While the CPU's own sensors are quite an authoritative alarm source to start throttling the CPU clock, external on-motherboard sources can be less trustworthy.

Under some circumstances, the PC system admin may deem it inappropriate, for the discrete PROCHOT signal (its input aspect) to throttle the CPU. Such as, when the symptoms would indicate an electric or EC Firmware design glitch, rather than an actual overheat or brownout condition. Or, let's say the PC owner is willing to run the risk of thermal damage, at his own discretion.

The key point of this software piece is to disable the "bi-directional" character of the PROCHOT# signal pin on the CPU. If this BD-PROCHOT configuration flag is cleared, the signal pin becomes a pure output (Note: Haswell datasheets claim "pure input", which appears to be incorrect.) By doing that, external on-motherboard sources of PROCHOT are eliminated, and the CPU stops throttling.

This chipset configuration adjustment is temporary: until the PC reboots, or falls asleep and wakes up, or until some other software re-enables that particular MSR flag at runtime.

On computer startup, the PC BIOS (or UEFI) sets the BD-PROCHOT chipset configuration bit. Some motherboard vendors make this choice available as a menu item in the BIOS SETUP, but most do not and just leave the BD-PROCHOT enabled.

Therefore, it might be a good idea to have a software "service" whose primary purpose it would be to "keep an eye" on the BD-PROCHOT config bit.

And maybe some other status flags related to PROCHOT and throttling - to give the system admin a better idea of what's going on.

A particular catch is, that apart from the solid wired PROCHOT, the CPU can also be asked to do "on-demand" throttling. I.e. enter a T-state by writing the respective CLOCKMOD MSR. This can be done e.g. by the BIOS in an interrupt service, or as part of handling some ACPI ritual callbacks. Obviously, the software-solicited on-demand throttling does not get disabled by suppressing the discrete PROCHOT# input.
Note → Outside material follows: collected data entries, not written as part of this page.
(* Fix parameters b_1, ..., b_m in Gamma(n) and let b_0 be the root. A node x that is an initial
   segment of some b_j is pinned down by the least such j and its shape. Any other node is
   determined, up to automorphisms fixing the parameters (composites of swaps of sibling
   subtrees), by its shape sigma, the least j for which the meet of x and b_j is longest, and the
   shape tau of that meet. These finitely many cells are quantifier-free definable from b, so every
   formula phi(x, b) defines a union of cells, and which cells it meets is expressed by a formula
   in b. A cell of type (sigma, j, tau) has between n^k - (m+1) n^(k-1) and n^k elements, where k
   counts the infinity-nodes on the path to sigma strictly above tau. Hence |phi(Gamma(n), b)| =
   c n^K + O(n^(K-1)), while |Gamma(n)| = P(Gamma; n) ~ L n^D; this gives dimension K/D and measure
   c/L^(K/D). Conversely, if sigma has exactly one infinity-node on its path then P_sigma(x) has
   exactly n solutions, roughly |Gamma(n)|^(1/D), and no dimension j/N with N < D fits this. *)

section \<open>Prefixes and longest common prefixes\<close>

lemma prefix_lcp_iff: "prefix w (lcp s t) \<longleftrightarrow> prefix w s \<and> prefix w t"
proof (induction s t arbitrary: w rule: lcp.induct)
  case (1 x xs y ys)
  then show ?case by (cases w) auto
qed auto

lemma lcp_prefix1: "prefix (lcp s t) s" and lcp_prefix2: "prefix (lcp s t) t"
  using prefix_lcp_iff[of "lcp s t" s t] by auto

lemma lcp_eq_left: "prefix x y \<Longrightarrow> lcp x y = x"
  by (meson lcp_prefix1 prefix_lcp_iff prefix_order.antisym prefix_order.refl)

lemma eq_if_same_prefixes: "(\<And>w. prefix w a \<longleftrightarrow> prefix w b) \<Longrightarrow> a = b"
  by (meson prefix_order.antisym prefix_order.refl)

lemma prefix_same_length_eq: "prefix a c \<Longrightarrow> prefix b c \<Longrightarrow> length a = length b \<Longrightarrow> a = b"
  by (metis prefix_length_prefix prefix_order.antisym order_refl)

lemma prefix_butlast_if_shorter: "prefix u x \<Longrightarrow> length u < length x \<Longrightarrow> prefix u (butlast x)"
  by (metis prefix_order.eq_iff prefix_length_le prefix_snoc snoc_eq_iff_butlast length_greater_0_conv
      less_le_not_le list.size(3) not_less_zero)

lemma prefix_take_if_shorter: "prefix u x \<Longrightarrow> length u \<le> k \<Longrightarrow> prefix u (take k x)"
  by (auto simp: prefix_def)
We might try disabling throttling via the CLOCKMOD MSR. And maybe the BIOS would not notice and let it be, or maybe our override would only last a couple milliseconds... We definitely can and do watch the contents of the CLOCKMOD register - which should at least provide a clue as to what's going on.
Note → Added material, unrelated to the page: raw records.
lemma succ_reply_threads:
  assumes c: "oEven r c" "oSucc r c b" "oSucc r b a" and legal: "legal h a"
    and IH: "\<And>e. e \<in> even_stages a \<Longrightarrow> good_reply e h (h e)"
    and e: "e \<in> even_stages a"
  shows "gam (h e) \<in> derivedSet r (succ_top_cl (h c) (h b) ord0)"
proof -
  note succ_assms = legal_succ_move_hyps[OF c legal IH]
  have "e \<noteq> b"
    using e oSucc_oEven_not_oEven[OF c(1,2)] unfolding even_stages_def by blast
  then have "le e c"
    using le_of_lt_oSucc[OF c(2)] le_of_lt_oSucc[OF c(3) even_stage_lt[OF e]] le_neq_lt by blast
  show ?thesis
  proof (cases "e = c")
    case True
    then show ?thesis
      using IH[OF e] succ_top_cl_threads_pc(1)[OF succ_assms] unfolding good_reply_def by simp
  next
    case False
    then have "lt e c"
      using \<open>le e c\<close> le_neq_lt by blast
    then have "c \<in> even_stages a"
      using c(1) lt_not_zero lt_trans[OF _ oSucc_lt[OF c(3)]] oSucc_lt[OF c(2)]
      unfolding even_stages_def by blast
    moreover have "e \<in> even_stages c"
      using e \<open>lt e c\<close> unfolding even_stages_def by simp
    ultimately have "gam (h e) \<in> derivedSet r (cl (h c) (gam (h c)) ord0)"
      and "lt (gam (h e)) (gam (h c))" and "oLimit r (gam (h c))"
      using IH \<open>lt e c\<close> unfolding good_reply_def by blast+
    then show ?thesis
      using derivedSet_Int_below[OF _ succ_top_cl_threads_pc(2)[OF succ_assms, symmetric]] by simp
  qed
qed

lemma succ_reply_good:
  assumes c: "oEven r c" "oSucc r c b" "oSucc r b a" and legal: "legal h a"
    and IH: "\<And>e. e \<in> even_stages a \<Longrightarrow> good_reply e h (h e)"
  shows "good_reply a h (succ_move (h c) (h b))"
proof -
  note succ_assms = legal_succ_move_hyps[OF c legal IH]
  let ?q = "succ_move (h c) (h b)"
  have ba: "lt b a"
    using oSucc_lt[OF c(3)] .
  have le_b: "le d b" if "lt d a" for d
    using le_of_lt_oSucc[OF c(3) that] .
  have q_le: "leP r k ?q (h d)" if d: "lt d a" for d
  proof (cases "d = b")
    case False
    then have "lt d b"
      using le_b[OF d] le_neq_lt by blast
    then show ?thesis
      using leP_trans[OF legalD(1)[OF legal d] succ_assms(2) succ_move_inP[OF succ_assms]
          succ_move_leP[OF succ_assms] legalD(2)[OF legal _ ba]] by blast
  qed (use succ_move_leP[OF succ_assms] in simp)
  have q_gt: "lt (gam (h d)) (gam ?q)" if d: "lt d a" for d
  proof -
    have "le (gam (h d)) (gam (h b))"
      using legalD(2)[OF legal _ ba] le_b[OF d] le_neq_lt unfolding leP_def by (cases "d = b") auto
    then show ?thesis
      using le_lt_trans next_limit(2) by (simp add: succ_move_simps)
  qed
  show ?thesis
    unfolding good_reply_def
    using succ_move_inP[OF succ_assms] q_le q_gt succ_reply_threads[OF c legal IH] next_limit(1)
    by (simp add: succ_move_simps)
qed

lemma strategy_good:
  "oEven r a \<Longrightarrow> \<not> ozero r a \<Longrightarrow> legal h a \<Longrightarrow> good_reply a h (strategy a (hist r h a))"
proof (induct a rule: lt_induct)
  case (less a)
  have IH: "good_reply e h (h e)" if e: "e \<in> even_stages a" for e
  proof -
    have "lt e a" "oEven r e" "\<not> ozero r e"
      using e unfolding even_stages_def by simp_all
    then show ?thesis
      using less.hyps legal_below[OF less.prems(3)] legalD(4)[OF less.prems(3)] by metis
  qed
  from less.prems(1) show ?case
  proof (cases rule: oEven_cases)
    case 1
    with less.prems(2) show ?thesis
      by simp
  next
    case 2
    then show ?thesis
      using limit_reply_good[OF _ less.prems(3) IH] by (simp add: strategy_def)
  next
    case (3 c b)
    then have "opred a = b" "opred b = c" "lt b a" "lt c a"
      using opred_eq oSucc_lt lt_trans by blast+
    with 3 show ?thesis
      using succ_reply_good[OF 3 less.prems(3) IH] oSucc_not_limit
      by (simp add: strategy_def hist_below)
  qed
qed

lemma strategy_winning: "winningII r (PP r k) (leP r k) (oneP r) strategy"
  unfolding winningII_def
  using strategy_good unfolding good_reply_def PP_def by blast

end

theorem mainTheorem19:
  fixes r :: "'a rel" and k :: 'a
  assumes "card_order r" and "Cinfinite r" and "regularCard r"
    and "Card_order (Restr r (underS r k))"
    and "Cinfinite (Restr r (underS r k))"
    and "regularCard (Restr r (underS r k))"
  shows "strategically_closed r (PP r k) (leP r k) (oneP r)"
proof -
  have "well_order_on UNIV r"
    using assms(1) card_order_on_well_order_on by blast
  moreover have "infinite (underS r k)"
    using assms(5) finite_subset[of "Field (Restr r (underS r k))" "underS r k"]
    unfolding cinfinite_def Field_def by auto
  ultimately interpret regular_universe r k
    using assms(1,3) by unfold_locales
  show ?thesis
    unfolding strategically_closed_def using strategy_winning by blast
qed

end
The particular MSR registers of interest are:

MSR_POWER_CTL             at 0x1FC  (BD-PROCHOT en = bit 0)
IA32_PACKAGE_THERM_STATUS at 0x1B1  (flags in bit 0..3)
IA32_THERM_STATUS         at 0x19C  (flags in bit 0..3)
IA32_CLOCK_MODULATION     at 0x19A  (flags in bit 0..4)
The latter two registers are per-core.
Around Haswell, at least three additional relevant MSR's have surfaced:
which, curiously to me, predate the addition of HWP by Intel (in the Skylake generation). Also note that these three are "per package", i.e. even the MSR_CORE_PERF_LIMIT_REASONS is not "per core".

I've actually stumbled over a known Haswell bug, where just one bit in MSR_CORE_PERF_LIMIT_REASONS would indicate throttling due to overheating, even though no overheating was in fact happening.

Apparently, IA32_PERF_STATUS, and maybe other MSRs, would deserve further investigation.

The MSR registers can only be accessed by dedicated privileged instructions (rdmsr/wrmsr), available in "ring 0". In DOS directly, but in Windows or Linux only in the kernel space. Hence the need for a minimal kernel-space driver + its companion user-space API library - these are called WinRing0 . Fortunately such a driver exists and a signed build is available.